§ **THE DATA**:
(* Under the assumptions stated in the context, the function $x_i^{\mathrm{cv}}$ is L-smooth at $\hat{\mathbf{p}}$, and for any $\mathbf{M}=[\mathbf{m}_{(1)}\;\cdots\;\mathbf{m}_{(r)}]\in\mathbb{R}^{n_p\times r}$, the sequence of functions \begin{equation*} \begin{aligned} &[x_i^{\mathrm{cv}}]^{(0)}_{\hat{\mathbf{p}},\mathbf{M}}:\mathbb{R}^{n_p}\to\mathbb{R}:\mathbf{d}\mapsto[x_i^{\mathrm{cv}}]'(\hat{\mathbf{p}};\mathbf{d}),\\ &[x_i^{\mathrm{cv}}]^{(j)}_{\hat{\mathbf{p}},\mathbf{M}}:\mathbb{R}^{n_p}\to\mathbb{R}:\mathbf{d}\mapsto\left[[x_i^{\mathrm{cv}}]^{(j-1)}_{\hat{\mathbf{p}},\mathbf{M}}\right]'(\mathbf{m}_{(j)};\mathbf{d}),\quad \forall j\in\{1,...,r\}, \end{aligned} \end{equation*} is well-defined and given by: for each $j\in\{0,...,r\}$, \begin{equation*} \begin{aligned} [x_i^{\mathrm{cv}}]^{(j)}_{\hat{\mathbf{p}},\mathbf{M}}(\mathbf{d})=\max_{\boldsymbol{\lambda}^{\mathrm{A}},\boldsymbol{\lambda}^{\mathrm{B}}}\quad&[\mathbf{G}\mathbf{d}]^\top\boldsymbol{\lambda}\\ \text{s.t.}\quad& \mathbf{A}^\top\boldsymbol{\lambda}^{\mathrm{A}} + \mathbf{B}^\top\boldsymbol{\lambda}^{\mathrm{B}} = \mathbf{e}^{(i)},\quad \boldsymbol{\lambda}^{\mathrm{A}}\le \mathbf{0},\\ &-[\mathbf{G}\mathbf{m}_{(q)}]^\top\boldsymbol{\lambda}\le -[x_i^{\mathrm{cv}}]_{\hat{\mathbf{p}},\mathbf{M}}^{(q-1)}(\mathbf{m}_{(q)}),\quad \forall q\in\{1,\dots,j\}, \end{aligned} \end{equation*} with $\boldsymbol{\lambda} := (\boldsymbol{\lambda}^{\mathrm{A}},\boldsymbol{\lambda}^{\mathrm{B}})$ and $\mathbf{G}:=\begin{bmatrix}\mathbf{G}^{\mathrm{A}}\\\mathbf{G}^{\mathrm{B}}\end{bmatrix}$ (for $j=0$ the last family of constraints is absent). Moreover, for each $j\in\{0,...,r-1\}$ let $D^{(j)}_{\hat{\mathbf{p}},\mathbf{M}}$ be the optimal solution set of the LP defining $[x_i^{\mathrm{cv}}]^{(j)}_{\hat{\mathbf{p}},\mathbf{M}}(\mathbf{m}_{(j+1)})$. Then for each $j\in\{1,...,r-1\}$, \begin{equation*} D^{(j)}_{\hat{\mathbf{p}},\mathbf{M}}\equiv\Big(\arg\max _{\boldsymbol{\lambda}\in D^{(j-1)}_{\hat{\mathbf{p}},\mathbf{M}}}[\mathbf{G}\mathbf{m}_{(j+1)}]^\top\boldsymbol{\lambda}\Big)\subset D^{(j-1)}_{\hat{\mathbf{p}},\mathbf{M}}, \end{equation*} and the LD-derivative of $x_i^{\mathrm{cv}}$ at $\hat{\mathbf{p}}$ in the directions $\mathbf{M}$ is \begin{equation*} [x_i^{\mathrm{cv}}]'(\hat{\mathbf{p}};\mathbf{M})\equiv\boldsymbol{\lambda}^\top\mathbf{G}\mathbf{M},\quad\text{for any }\boldsymbol{\lambda}\in D^{(r-1)}_{\hat{\mathbf{p}},\mathbf{M}}. \end{equation*}
   Context: Setting: a residual function $\mathbf{f}:\mathbb{R}^{n_x}\times\mathbb{R}^{n_p}\to\mathbb{R}^{n_x}$, a convex compact set $P\subset\mathbb{R}^{n_p}$, and $Q\subset P$ the (nonempty) set of $\mathbf{p}\in P$ for which $\mathbf{f}(\mathbf{z},\mathbf{p})=\mathbf{0}$ has a solution; an implicit function $\mathbf{x}:Q\to\mathbb{R}^{n_x}$ satisfies $\mathbf{f}(\mathbf{x}(\mathbf{p}),\mathbf{p})=\mathbf{0}$ with $\mathbf{x}(\mathbf{p})\in X:=[\mathbf{x}^{\mathrm{L}},\mathbf{x}^{\mathrm{U}}]$. Given convex/concave relaxations $\mathbf{f}^{\mathrm{cv}},\mathbf{f}^{\mathrm{cc}}$ of $\mathbf{f}$ on $X\times P$, $x_i^{\mathrm{cv}}(\mathbf{p}):=\inf_{\boldsymbol{\xi}\in X}\xi_i$ s.t. $\mathbf{f}^{\mathrm{cv}}(\boldsymbol{\xi},\mathbf{p})\le\mathbf{0}\le\mathbf{f}^{\mathrm{cc}}(\boldsymbol{\xi},\mathbf{p})$. Assume $\mathbf{f}\equiv(\tilde{\mathbf{f}},\mathbf{h})$ with $\mathbf{h}:\mathbb{R}^{n_x}\times\mathbb{R}^{n_p}\to\mathbb{R}^{n_h}$ affine and each $\tilde f_k$ non-affine, whose relaxations are pointwise max of continuously differentiable convex functions (for $\tilde f_k^{\mathrm{cv}}$) and pointwise min of continuously differentiable concave functions (for $\tilde f_k^{\mathrm{cc}}$); then $x_i^{\mathrm{cv}}(\mathbf{p})=\min_{\boldsymbol{\xi}\in\mathbb{R}^{n_x}}\xi_i$ s.t. $\mathbf{h}(\boldsymbol{\xi},\mathbf{p})=\mathbf{0}$, $\mathbf{g}(\boldsymbol{\xi},\mathbf{p})\le\mathbf{0}$, where $\mathbf{g}:\mathbb{R}^{n_x}\times\mathbb{R}^{n_p}\to\mathbb{R}^{n_g}$ collects all these smooth inequality constraints and the box constraint $\boldsymbol{\xi}\in X$. At $\hat{\mathbf{p}}\in\mathrm{int}(Q)$ assume the $\boldsymbol{\xi}$-gradients of the components of $\mathbf{h}$ are linearly independent and that a strong Slater condition holds on a neighborhood $N_{\hat{\mathbf{p}}}\subset Q$ (for each $\mathbf{p}\in N_{\hat{\mathbf{p}}}$ there is $\boldsymbol{\xi}_\mathbf{p}\in X$ with $\mathbf{h}(\boldsymbol{\xi}_\mathbf{p},\mathbf{p})=\mathbf{0}$, $\mathbf{g}(\boldsymbol{\xi}_\mathbf{p},\mathbf{p})<\mathbf{0}$). Let $\hat{\boldsymbol{\xi}}$ be any optimal solution of this problem at $\hat{\mathbf{p}}$. Then the directional derivative satisfies $[x_i^{\mathrm{cv}}]'(\hat{\mathbf{p}};\mathbf{d})=\min_{\mathbf{w}\in\mathbb{R}^{n_x}}[\mathbf{e}^{(i)}]^\top\mathbf{w}$ s.t. $\mathbf{A}\mathbf{w}\le\mathbf{G}^{\mathrm{A}}\mathbf{d}$, $\mathbf{B}\mathbf{w}=\mathbf{G}^{\mathrm{B}}\mathbf{d}$, where $\mathbf{A}\in\mathbb{R}^{n_A\times n_x}$ has rows $[\nabla_\mathbf{x}g_k(\hat{\boldsymbol{\xi}},\hat{\mathbf{p}})]^\top$ and $\mathbf{G}^{\mathrm{A}}\in\mathbb{R}^{n_A\times n_p}$ has rows $-[\nabla_\mathbf{y}g_k(\hat{\boldsymbol{\xi}},\hat{\mathbf{p}})]^\top$ over the active indices $k$ (those with $g_k(\hat{\boldsymbol{\xi}},\hat{\mathbf{p}})=0$), and $\mathbf{B}\in\mathbb{R}^{n_B\times n_x}$ has rows $[\nabla_\mathbf{x}h_j(\hat{\boldsymbol{\xi}},\hat{\mathbf{p}})]^\top$ and $\mathbf{G}^{\mathrm{B}}\in\mathbb{R}^{n_B\times n_p}$ has rows $-[\nabla_\mathbf{y}h_j(\hat{\boldsymbol{\xi}},\hat{\mathbf{p}})]^\top$ over the components of $\mathbf{h}$; $\nabla_\mathbf{x},\nabla_\mathbf{y}$ denote partial gradients with respect to $\boldsymbol{\xi}$ and $\mathbf{p}$. $\mathbf{e}^{(i)}$ is the $i$th unit coordinate vector. L-smoothness and the LD-derivative $[x_i^{\mathrm{cv}}]'(\hat{\mathbf{p}};\mathbf{M}):=[[x_i^{\mathrm{cv}}]^{(0)}_{\hat{\mathbf{p}},\mathbf{M}}(\mathbf{m}_{(1)})\;\cdots\;[x_i^{\mathrm{cv}}]^{(r-1)}_{\hat{\mathbf{p}},\mathbf{M}}(\mathbf{m}_{(r)})]$ are in the sense of Nesterov and Khan–Barton. *)

theory Defs
  imports "HOL-Analysis.Analysis"
begin

definition has_dir_deriv :: "('a::real_normed_vector \<Rightarrow> real) \<Rightarrow> 'a \<Rightarrow> 'a \<Rightarrow> real \<Rightarrow> bool" where
  "has_dir_deriv F x d L \<longleftrightarrow> ((\<lambda>t. (F (x + t *\<^sub>R d) - F x) / t) \<longlongrightarrow> L) (at_right 0)"

definition dir_deriv :: "('a::real_normed_vector \<Rightarrow> real) \<Rightarrow> 'a \<Rightarrow> 'a \<Rightarrow> real" where
  "dir_deriv F x d = (THE L. has_dir_deriv F x d L)"

text \<open>Homogenization sequence: ld_seq F x ms 0 = F'(x;.), and
  ld_seq F x ms (j+1) = [ld_seq F x ms j]'(m_(j+1); .), where m_(j+1) = ms ! j.\<close>
fun ld_seq :: "('a::real_normed_vector \<Rightarrow> real) \<Rightarrow> 'a \<Rightarrow> 'a list \<Rightarrow> nat \<Rightarrow> 'a \<Rightarrow> real" where
  "ld_seq F x ms 0 = (\<lambda>d. dir_deriv F x d)"
| "ld_seq F x ms (Suc j) = (\<lambda>d. dir_deriv (ld_seq F x ms j) (ms ! j) d)"

definition L_smooth_at :: "('a::real_normed_vector \<Rightarrow> real) \<Rightarrow> 'a \<Rightarrow> bool" where
  "L_smooth_at F x \<longleftrightarrow>
     (\<exists>U C. open U \<and> x \<in> U \<and> C-lipschitz_on U F) \<and>
     (\<forall>d. \<exists>L. has_dir_deriv F x d L) \<and>
     (\<forall>ms. \<forall>j < length ms. \<forall>d. \<exists>L. has_dir_deriv (ld_seq F x ms j) (ms ! j) d L)"

definition ld_deriv :: "('a::real_normed_vector \<Rightarrow> real) \<Rightarrow> 'a \<Rightarrow> 'a list \<Rightarrow> real list" where
  "ld_deriv F x ms = map (\<lambda>j. ld_seq F x ms j (ms ! j)) [0..<length ms]"

definition gradx :: "((real^'x) \<times> (real^'p) \<Rightarrow> real) \<Rightarrow> (real^'x) \<times> (real^'p) \<Rightarrow> real^'x" where
  "gradx F z = (\<chi> k. frechet_derivative F (at z) (axis k 1, 0))"

definition grady :: "((real^'x) \<times> (real^'p) \<Rightarrow> real) \<Rightarrow> (real^'x) \<times> (real^'p) \<Rightarrow> real^'p" where
  "grady F z = (\<chi> k. frechet_derivative F (at z) (0, axis k 1))"

definition C1_fun :: "('a::real_normed_vector \<Rightarrow> real) \<Rightarrow> bool" where
  "C1_fun F \<longleftrightarrow> (\<exists>F'. (\<forall>z. (F has_derivative blinfun_apply (F' z)) (at z)) \<and> continuous_on UNIV F')"

definition affine_fun :: "((real^'x) \<times> (real^'p) \<Rightarrow> real) \<Rightarrow> bool" where
  "affine_fun F \<longleftrightarrow> (\<exists>a b c. \<forall>\<xi> p. F (\<xi>, p) = a \<bullet> \<xi> + b \<bullet> p + c)"

definition xbox :: "real^'x \<Rightarrow> real^'x \<Rightarrow> (real^'x) set" where
  "xbox xL xU = {\<xi>. \<forall>k. xL $ k \<le> \<xi> $ k \<and> \<xi> $ k \<le> xU $ k}"

definition xcv :: "((real^'x) \<times> (real^'p) \<Rightarrow> real^'x) \<Rightarrow> ((real^'x) \<times> (real^'p) \<Rightarrow> real^'x)
     \<Rightarrow> real^'x \<Rightarrow> real^'x \<Rightarrow> 'x \<Rightarrow> real^'p \<Rightarrow> real" where
  "xcv fcv fcc xL xU i p =
     Inf {\<xi> $ i | \<xi>. \<xi> \<in> xbox xL xU \<and> (\<forall>k. fcv (\<xi>, p) $ k \<le> 0 \<and> 0 \<le> fcc (\<xi>, p) $ k)}"

text \<open>Index set of the smooth inequality constraints g: convex pieces of the convex
  relaxations, negated concave pieces of the concave relaxations, and the box constraints.\<close>
datatype ('x, 'l) gidx = GA 'x 'l | GB 'x 'l | GLo 'x | GUp 'x

fun gfun :: "('x \<Rightarrow> 'l \<Rightarrow> (real^'x) \<times> (real^'p) \<Rightarrow> real) \<Rightarrow> ('x \<Rightarrow> 'l \<Rightarrow> (real^'x) \<times> (real^'p) \<Rightarrow> real)
     \<Rightarrow> real^'x \<Rightarrow> real^'x \<Rightarrow> ('x, 'l) gidx \<Rightarrow> (real^'x) \<times> (real^'p) \<Rightarrow> real" where
  "gfun a b xL xU (GA k l) z = a k l z"
| "gfun a b xL xU (GB k l) z = - b k l z"
| "gfun a b xL xU (GLo k) z = xL $ k - fst z $ k"
| "gfun a b xL xU (GUp k) z = fst z $ k - xU $ k"

definition gidxs :: "'x set \<Rightarrow> ('x \<Rightarrow> 'l set) \<Rightarrow> ('x \<Rightarrow> 'l set) \<Rightarrow> ('x, 'l) gidx set" where
  "gidxs Ih La Lb =
     {GA k l | k l. k \<notin> Ih \<and> l \<in> La k} \<union> {GB k l | k l. k \<notin> Ih \<and> l \<in> Lb k}
     \<union> range GLo \<union> range GUp"

definition red_feas :: "((real^'x) \<times> (real^'p) \<Rightarrow> real^'x) \<Rightarrow> 'x set \<Rightarrow> (('x,'l) gidx \<Rightarrow> (real^'x) \<times> (real^'p) \<Rightarrow> real)
     \<Rightarrow> ('x,'l) gidx set \<Rightarrow> real^'p \<Rightarrow> (real^'x) set" where
  "red_feas f Ih g K p = {\<xi>. (\<forall>j\<in>Ih. f (\<xi>, p) $ j = 0) \<and> (\<forall>k\<in>K. g k (\<xi>, p) \<le> 0)}"

text \<open>Multipliers lam = (lam^A, lam^B), indexed by the active set KA and by the index set JB
  of the equality constraints; entries outside these index sets are fixed to 0.
  Gra k, Grb j are the rows of G^A, G^B; AA k, BB j the rows of A, B.\<close>
definition lp_obj :: "'k set \<Rightarrow> 'j set \<Rightarrow> ('k \<Rightarrow> 'v::real_inner) \<Rightarrow> ('j \<Rightarrow> 'v)
     \<Rightarrow> ('k \<Rightarrow> real) \<times> ('j \<Rightarrow> real) \<Rightarrow> 'v \<Rightarrow> real" where
  "lp_obj KA JB Gra Grb lam d = (\<Sum>k\<in>KA. fst lam k * (Gra k \<bullet> d)) + (\<Sum>j\<in>JB. snd lam j * (Grb j \<bullet> d))"

definition lp_dualfeas :: "'k set \<Rightarrow> 'j set \<Rightarrow> ('k \<Rightarrow> 'w::real_vector) \<Rightarrow> ('j \<Rightarrow> 'w) \<Rightarrow> 'w
     \<Rightarrow> ('k \<Rightarrow> real) \<times> ('j \<Rightarrow> real) \<Rightarrow> bool" where
  "lp_dualfeas KA JB AA BB e lam \<longleftrightarrow>
     (\<Sum>k\<in>KA. fst lam k *\<^sub>R AA k) + (\<Sum>j\<in>JB. snd lam j *\<^sub>R BB j) = e \<and>
     (\<forall>k\<in>KA. fst lam k \<le> 0) \<and> (\<forall>k. k \<notin> KA \<longrightarrow> fst lam k = 0) \<and> (\<forall>j. j \<notin> JB \<longrightarrow> snd lam j = 0)"

definition lp_feas :: "'k set \<Rightarrow> 'j set \<Rightarrow> ('k \<Rightarrow> 'w::real_vector) \<Rightarrow> ('j \<Rightarrow> 'w) \<Rightarrow> 'w
     \<Rightarrow> ('k \<Rightarrow> 'v::real_inner) \<Rightarrow> ('j \<Rightarrow> 'v) \<Rightarrow> 'v list \<Rightarrow> (nat \<Rightarrow> 'v \<Rightarrow> real) \<Rightarrow> nat
     \<Rightarrow> (('k \<Rightarrow> real) \<times> ('j \<Rightarrow> real)) set" where
  "lp_feas KA JB AA BB e Gra Grb ms phi j =
     {lam. lp_dualfeas KA JB AA BB e lam \<and>
       (\<forall>q\<in>{1..j}. - lp_obj KA JB Gra Grb lam (ms ! (q - 1)) \<le> - phi (q - 1) (ms ! (q - 1)))}"

definition is_max_val :: "'a set \<Rightarrow> ('a \<Rightarrow> real) \<Rightarrow> real \<Rightarrow> bool" where
  "is_max_val S c v \<longleftrightarrow> (\<exists>x\<in>S. c x = v) \<and> (\<forall>x\<in>S. c x \<le> v)"

definition argmax_set :: "'a set \<Rightarrow> ('a \<Rightarrow> real) \<Rightarrow> 'a set" where
  "argmax_set S c = {x\<in>S. \<forall>y\<in>S. c y \<le> c x}"

end

(*
  Near ph the bound x_i^cv is the optimal value of a convex program in xi with affine equality
  constraints and C^1 inequality constraints satisfying a Slater condition.  By convexity its
  linearization at the optimum xih is a relaxation, which gives a lower bound through weak LP
  duality; a Slater direction makes every solution of the linearized program feasible to first
  order, which gives the matching upper bound.  Farkas' lemma closes the duality gap, so
  [x_i^cv]'(ph; d) is the optimal value of the dual LP, i.e. the support function of a
  polyhedron evaluated at d.  By Danskin's theorem for polyhedra, the directional derivative of
  such a support function at m is the support function of the face exposed by m, which is again
  a polyhedron; iterating along the directions of M gives the nested LPs.  Finally x_i^cv is
  convex and bounded near ph, hence Lipschitz there.
*)

theory Submission
  imports Defs
begin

§ **ASSIGNED TASK**: From the material above, copy every line that has the word "gidxs" in it.

§ **OUTPUT OF THE TASK**:
definition gidxs :: "'x set \<Rightarrow> ('x \<Rightarrow> 'l set) \<Rightarrow> ('x \<Rightarrow> 'l set) \<Rightarrow> ('x, 'l) gidx set" where
  "gidxs Ih La Lb =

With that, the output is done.